Thanx Jody, I got the cart to make jobs a little easier. A little while after the pic was taken, the cart was loaded with rocks for a ditch I am filling. Sure beats a wheelbarrel!


----------



## guest2 (Dec 27, 2003)

Ed
Looks like a nice size cart! Does it have the seam down the middle like an agri-fab cart or is the floor all one piece?


----------



## Ed_GT5000 (Sep 30, 2003)

Hi Sixchows, It is one piece, looked like a good one to me. It will get a lot of use. I liked the way the tailgate slides in and out too.


----------



## Argee (Sep 17, 2003)

Nice looking cart Ed...It will definetly save your back.


----------



## Ingersoll444 (Sep 17, 2003)

Loooks nice I SO need to get a new one. Mine is an OLD Wards 10cf one. REAL beat up. I use it so much now that I am living on my land, that the old girls days are numberd. Plus it's just to darn small.


----------



## Ed_GT5000 (Sep 30, 2003)

Another reason why I wanted the 17 cu. ft. one is for hauling the trash out on garbage night. Often I set out four cans and it is a long way to the street.

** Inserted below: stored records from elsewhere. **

lemma pair_generator_not_eigenvector_combination:
  fixes b s :: real
  assumes "(cmod a)\<^sup>2 + b\<^sup>2 = 1" and "b \<noteq> 0" and "s \<noteq> 0"
  shows "\<not> is_eigenvector (pair_generator (Im a / s) (b / s)) (a *s e1 + complex_of_real b *s e2)"
proof
  define \<tau> \<beta> where "\<tau> = Im a / s" and "\<beta> = b / s"
  assume "is_eigenvector (pair_generator \<tau> \<beta>) (a *s e1 + complex_of_real b *s e2)"
  then obtain z where eigen:
      "pair_op e1 e2 \<tau> (\<i> * \<beta>) (- \<i> * \<beta>) (- \<tau>) *v (a *s e1 + complex_of_real b *s e2)
        = z *s (a *s e1 + complex_of_real b *s e2)"
    by (auto simp: is_eigenvector_def pair_generator_def)
  have "\<tau> * a + \<i> * \<beta> * b = z * a" and "- \<i> * \<beta> * a - \<tau> * b = z * b"
    using pair_op_eigen_equations[OF eigen] by simp_all
  then have "(\<tau> * a + \<i> * \<beta> * b) * b = (- \<i> * \<beta> * a - \<tau> * b) * a"
    by (simp only: mult_ac)
  then have "Im ((\<tau> * a + \<i> * \<beta> * b) * b) = Im ((- \<i> * \<beta> * a - \<tau> * b) * a)"
    by (rule arg_cong)
  then have "2 * \<tau> * b * Im a + \<beta> * (b\<^sup>2 + (Re a)\<^sup>2 - (Im a)\<^sup>2) = 0"
    by (simp add: power2_eq_square algebra_simps)
  moreover have "2 * \<tau> * b * Im a + \<beta> * (b\<^sup>2 + (Re a)\<^sup>2 - (Im a)\<^sup>2)
      = b / s * ((Re a)\<^sup>2 + (Im a)\<^sup>2 + b\<^sup>2)"
    unfolding \<tau>_def \<beta>_def using assms(3) by (simp add: power2_eq_square field_simps)
  ultimately show False
    using assms by (simp add: cmod_power2)
qed

lemma exists_generator_rotating_e1:
  fixes b :: real
  assumes norm_eq: "(cmod a)\<^sup>2 + b\<^sup>2 = 1" and b_pos: "b > 0"
  shows "\<exists>\<epsilon> H. \<epsilon> > 0 \<and> hermitian H \<and> hs_norm H = 1
    \<and> a *s e1 + complex_of_real b *s e2 = mat_exp (mat_scale (\<i> * complex_of_real \<epsilon>) H) *v e1
    \<and> \<not> is_eigenvector H e1 \<and> \<not> is_eigenvector H (a *s e1 + complex_of_real b *s e2)"
proof -
  define \<theta> where "\<theta> = arccos (Re a)"
  define s where "s = sin \<theta>"
  define G where "G = pair_generator (Im a / s) (b / s)"
  have "(cmod a)\<^sup>2 \<le> 1"
    using norm_eq zero_le_power2[of b] by linarith
  then have Re_bound: "\<bar>Re a\<bar> \<le> 1"
    using abs_Re_le_cmod[of a] by (simp add: abs_square_le_1)
  then have cos_\<theta>: "cos \<theta> = Re a" and s_eq: "s = sqrt (1 - (Re a)\<^sup>2)"
    by (auto simp: \<theta>_def s_def sin_arccos_abs)
  have s_sq: "s\<^sup>2 = (Im a)\<^sup>2 + b\<^sup>2"
    using Re_bound norm_eq by (simp add: s_eq abs_square_le_1 cmod_power2)
  have "s \<noteq> 0"
    using s_sq b_pos by (auto simp: add_nonneg_pos)
  then have s_pos: "s > 0"
    using Re_bound by (simp add: s_eq order_less_le abs_square_le_1)
  have "\<theta> \<ge> 0"
    using Re_bound by (simp add: \<theta>_def arccos_lbound)
  moreover have "\<theta> \<noteq> 0"
    using s_pos by (auto simp: s_def)
  ultimately have \<theta>_pos: "\<theta> > 0" by simp
  have "(Im a / s)\<^sup>2 + (b / s)\<^sup>2 = s\<^sup>2 / s\<^sup>2"
    by (simp only: power_divide s_sq add_divide_distrib)
  then have unit: "(Im a / s)\<^sup>2 + (b / s)\<^sup>2 = 1"
    using s_pos by simp
  have "complex_of_real (cos \<theta>) + \<i> * complex_of_real (sin \<theta> * (Im a / s)) = a"
    using cos_\<theta> s_pos by (simp add: complex_eq_iff flip: s_def)
  moreover have "sin \<theta> * (b / s) = b"
    using s_pos by (simp flip: s_def)
  ultimately have
      "mat_exp (mat_scale (\<i> * complex_of_real \<theta>) G) *v e1 = a *s e1 + complex_of_real b *s e2"
    using mat_exp_pair_generator_mult_e1[OF unit \<open>\<theta> \<noteq> 0\<close>] by (simp only: G_def)
  moreover have "mat_scale (\<i> * complex_of_real (sqrt 2 * \<theta>)) ((1 / sqrt 2) *\<^sub>R G)
      = mat_scale (\<i> * complex_of_real \<theta>) G"
    by (simp add: mat_scale_scaleR)
  moreover have "hs_norm ((1 / sqrt 2) *\<^sub>R G) = 1"
    using hs_norm_hermitian_involution[OF hermitian_pair_generator pair_generator_squared[OF unit]]
    by (simp add: hs_norm_scaleR G_def)
  moreover have "hermitian ((1 / sqrt 2) *\<^sub>R G)"
    by (simp add: G_def hermitian_scaleR hermitian_pair_generator)
  moreover have "\<not> is_eigenvector G e1"
    using b_pos s_pos by (simp add: G_def pair_generator_not_eigenvector_e1)
  moreover have "\<not> is_eigenvector G (a *s e1 + complex_of_real b *s e2)"
    using norm_eq b_pos s_pos by (simp add: G_def pair_generator_not_eigenvector_combination)
  \<comment> \<open>rescaling \<open>G\<close> by \<open>1 / \<surd>2\<close> normalises it, and \<open>\<epsilon> = \<surd>2 \<theta>\<close> compensates\<close>
  ultimately show ?thesis
    using \<theta>_pos is_eigenvector_scaleR[of "1 / sqrt 2" G]
    by (intro exI[of _ "sqrt 2 * \<theta>"] exI[of _ "(1 / sqrt 2) *\<^sub>R G"]) auto
qed
lemma all_light_triangles_subset: "triangles V light_edges \<subseteq> light_triangles"
proof
  fix \<tau> assume \<tau>: "\<tau> \<in> triangles V light_edges"
  then have "\<tau> \<in> Tri"
    using triangles_mono[of V V light_edges E] light_edge_in_E by blast
  moreover obtain x y z where "\<tau> = {x, y, z}" "x \<noteq> y"
    using \<tau> unfolding triangles_def card_3_iff by blast
  moreover have "{x, y} \<in> light_edges"
    using \<tau> calculation(2,3) unfolding triangles_def by blast
  moreover have "{x, y} \<subseteq> \<tau>" using calculation(2) by blast
  ultimately show "\<tau> \<in> light_triangles"
    unfolding light_triangles_def by (intro CollectI conjI bexI)
qed

text \<open>Every light edge lies in exactly one triangle, and that triangle contains two light edges,
  or three when all of its edges are light.\<close>
lemma card_light_edges_ge:
  "2 * card light_triangles + card (triangles V light_edges) \<le> card light_edges"
proof -
  define f where "f \<tau> = {e \<in> light_edges. e \<subseteq> \<tau>}" for \<tau>
  have partition: "light_edges = (\<Union>\<tau>\<in>light_triangles. f \<tau>)"
  proof
    show "light_edges \<subseteq> (\<Union>\<tau>\<in>light_triangles. f \<tau>)"
    proof
      fix e assume e: "e \<in> light_edges"
      then obtain \<tau> where "{\<tau>' \<in> Tri. e \<subseteq> \<tau>'} = {\<tau>}" by (rule light_edge_triangle)
      then have "\<tau> \<in> Tri" "e \<subseteq> \<tau>" by auto
      then show "e \<in> (\<Union>\<tau>\<in>light_triangles. f \<tau>)" using e by (auto simp: f_def light_triangles_def)
    qed
  qed (auto simp: f_def)
  have "card light_edges = (\<Sum>\<tau>\<in>light_triangles. card (f \<tau>))"
    unfolding partition
  proof (rule card_UN_disjoint[OF finite_light_triangles])
    show "\<forall>\<tau>\<in>light_triangles. finite (f \<tau>)" using finite_light_edges by (simp add: f_def)
    show "\<forall>\<tau>\<in>light_triangles. \<forall>\<tau>'\<in>light_triangles. \<tau> \<noteq> \<tau>' \<longrightarrow> f \<tau> \<inter> f \<tau>' = {}"
      using light_edge_unique_triangle light_triangles_subset unfolding f_def by blast
  qed
  moreover have "2 + (if \<tau> \<in> triangles V light_edges then 1 else 0) \<le> card (f \<tau>)"
    if light: "\<tau> \<in> light_triangles" for \<tau>
  proof -
    have fin: "finite (f \<tau>)" using finite_light_edges by (simp add: f_def)
    have \<tau>: "\<tau> \<in> Tri" using light light_triangles_subset by blast
    show ?thesis
    proof (cases "\<tau> \<in> triangles V light_edges")
      case False
      obtain e where e: "e \<in> light_edges" "e \<subseteq> \<tau>" using light by (auto simp: light_triangles_def)
      obtain a b where ab: "e = {a, b}" "adj a b" using edgeE[OF light_edge_in_E[OF e(1)]] .
      obtain e' where e': "e' \<in> light_edges" "e' \<subseteq> \<tau>" "e' \<noteq> e"
        using triangle_second_light_edge[OF \<tau>, of a b] e ab adj_neq[OF ab(2)] by auto
      have "card {e, e'} \<le> card (f \<tau>)" using e e' fin by (intro card_mono) (auto simp: f_def)
      then show ?thesis using False e' by simp
    next
      case True
      then obtain x y z where xyz: "\<tau> = {x, y, z}" "x \<noteq> y" "y \<noteq> z" "x \<noteq> z"
        by (auto simp: triangles_def card_3_iff)
      have "{{x, y}, {y, z}, {x, z}} \<subseteq> f \<tau>"
        using True xyz by (auto simp: triangles_def f_def)
      then have "card {{x, y}, {y, z}, {x, z}} \<le> card (f \<tau>)" using fin by (intro card_mono)
      moreover have "card {{x, y}, {y, z}, {x, z}} = 3" using xyz by (auto simp: doubleton_eq_iff)
      ultimately show ?thesis using True by simp
    qed
  qed
  then have "(\<Sum>\<tau>\<in>light_triangles. 2 + (if \<tau> \<in> triangles V light_edges then 1 else 0))
      \<le> (\<Sum>\<tau>\<in>light_triangles. card (f \<tau>))"
    by (rule sum_mono)
  moreover have "(\<Sum>\<tau>\<in>light_triangles. 2 + (if \<tau> \<in> triangles V light_edges then 1 else 0))
      = 2 * card light_triangles + card (triangles V light_edges)"
  proof -
    have "(\<Sum>\<tau>\<in>light_triangles. if \<tau> \<in> triangles V light_edges then 1 else 0::nat)
        = card (light_triangles \<inter> triangles V light_edges)"
      using finite_light_triangles by (simp add: sum.If_cases)
    moreover have "light_triangles \<inter> triangles V light_edges = triangles V light_edges"
      using all_light_triangles_subset by blast
    ultimately show ?thesis by (simp only: sum.distrib) simp
  qed
  ultimately show ?thesis by simp
qed

text \<open>The light edges outside \<open>U\<close> form a graph to which Mantel's bound applies, and its
  triangles are triangles of light edges; the remaining light edges lie inside \<open>U\<close> or join
  \<open>V - U\<close> to \<open>U\<close>.\<close>
lemma light_triangles_bound:
  assumes "\<And>w. w \<in> V - U \<Longrightarrow> card (nbhd w \<inter> U) \<le> c"
  shows "8 * card light_triangles
    \<le> card (V - U) ^ 2 + 4 * c * card (V - U) + 4 * card {e \<in> light_edges. e \<subseteq> U}"
proof -
  define W where "W = V - U"
  define LW where "LW = {e \<in> light_edges. e \<subseteq> W}"
  define LU where "LU = {e \<in> light_edges. e \<subseteq> U}"
  define X where "X = (\<Union>w\<in>W. (\<lambda>u. {w, u}) ` (nbhd w \<inter> U))"
  have finW: "finite W" using finite_V by (simp add: W_def)
  have "simple_graph W LW"
    using finW edgeD light_edge_in_E by (auto simp: LW_def simple_graph_def)
  then have "4 * card LW \<le> card W ^ 2 + 4 * card (triangles W LW)"
    by (rule mantel_with_triangles)
  moreover have "card (triangles W LW) \<le> card (triangles V light_edges)"
    using finite_triangles[OF finite_V]
    by (intro card_mono triangles_mono) (auto simp: W_def LW_def)
  ultimately have mantel: "4 * card LW \<le> card W ^ 2 + 4 * card (triangles V light_edges)"
    by linarith
  have "light_edges \<subseteq> LW \<union> LU \<union> X"
  proof
    fix e assume e: "e \<in> light_edges"
    obtain a b where ab: "e = {a, b}" "adj a b" by (rule edgeE[OF light_edge_in_E[OF e]])
    then have "a \<in> V" "b \<in> V" using adj_in_V by auto
    then consider "a \<in> W" "b \<in> W" | "a \<in> U" "b \<in> U" | "a \<in> W" "b \<in> U" | "b \<in> W" "a \<in> U"
      by (auto simp: W_def)
    then show "e \<in> LW \<union> LU \<union> X"
    proof cases
      case 3
      then have "e \<in> X" using ab \<open>b \<in> V\<close> by (auto simp: X_def nbhd_def)
      then show ?thesis by blast
    next
      case 4
      moreover have "adj b a" "e = {b, a}" using ab by (simp_all add: adj_sym insert_commute)
      ultimately have "e \<in> X" using \<open>a \<in> V\<close> by (auto simp: X_def nbhd_def)
      then show ?thesis by blast
    qed (use e ab in \<open>auto simp: LW_def LU_def\<close>)
  qed
  moreover have "finite X" using finW finite_V by (auto simp: X_def nbhd_def)
  ultimately have "card light_edges \<le> card (LW \<union> LU \<union> X)"
    using finite_light_edges by (intro card_mono) (auto simp: LW_def LU_def)
  also have "\<dots> \<le> card LW + card LU + card X"
    by (meson add_le_mono1 card_Un_le le_trans)
  also have "card X \<le> (\<Sum>w\<in>W. card ((\<lambda>u. {w, u}) ` (nbhd w \<inter> U)))"
    unfolding X_def using finW by (rule card_UN_le)
  also have "\<dots> \<le> (\<Sum>w\<in>W. c)"
  proof (rule sum_mono)
    fix w assume "w \<in> W"
    have "card ((\<lambda>u. {w, u}) ` (nbhd w \<inter> U)) \<le> card (nbhd w \<inter> U)"
      using finite_V by (intro card_image_le) (simp add: nbhd_def)
    also have "\<dots> \<le> c" using assms \<open>w \<in> W\<close> by (simp add: W_def)
    finally show "card ((\<lambda>u. {w, u}) ` (nbhd w \<inter> U)) \<le> c" .
  qed
  finally have "card light_edges \<le> card LW + card LU + c * card W" by (simp add: mult.commute)
  then show ?thesis
    using card_light_edges_ge mantel unfolding W_def[symmetric] LU_def[symmetric] by linarith
qed

lemma card_nbhd_Int_Union_K4s:
  assumes "\<A> \<subseteq> K4s" "w \<notin> \<Union>\<A>"
  shows "card (nbhd w \<inter> \<Union>\<A>) \<le> card \<A>"
proof -
  have "finite \<A>" using finite_subset[OF assms(1) finite_K4s] .
  have "nbhd w \<inter> \<Union>\<A> = (\<Union>A\<in>\<A>. nbhd w \<inter> A)" by blast
  then have "card (nbhd w \<inter> \<Union>\<A>) = card (\<Union>A\<in>\<A>. nbhd w \<inter> A)" by simp
  also have "\<dots> \<le> (\<Sum>A\<in>\<A>. card (nbhd w \<inter> A))" using \<open>finite \<A>\<close> by (rule card_UN_le)
  also have "\<dots> \<le> (\<Sum>A\<in>\<A>. 1)"
  proof (rule sum_mono)
    fix A assume "A \<in> \<A>"
    then show "card (nbhd w \<inter> A) \<le> 1" using assms by (intro card_nbhd_Int_K4) auto
  qed
  finally show ?thesis by simp
qed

I don't know who makes this cart for Huskee, But I like it better than the craftsman one. 

Also the 17 cu. ft. one had much better tires than the 10 cu. ft.


----------



## Fusion1970 (Feb 23, 2004)

I like the Huskee carts too. I have the 10 cu., and although I don't use it all the time, when I do use it, it is a lifesaver. I would have liked to get the 17 cu. one, but both money and space were a factor.

Greg


----------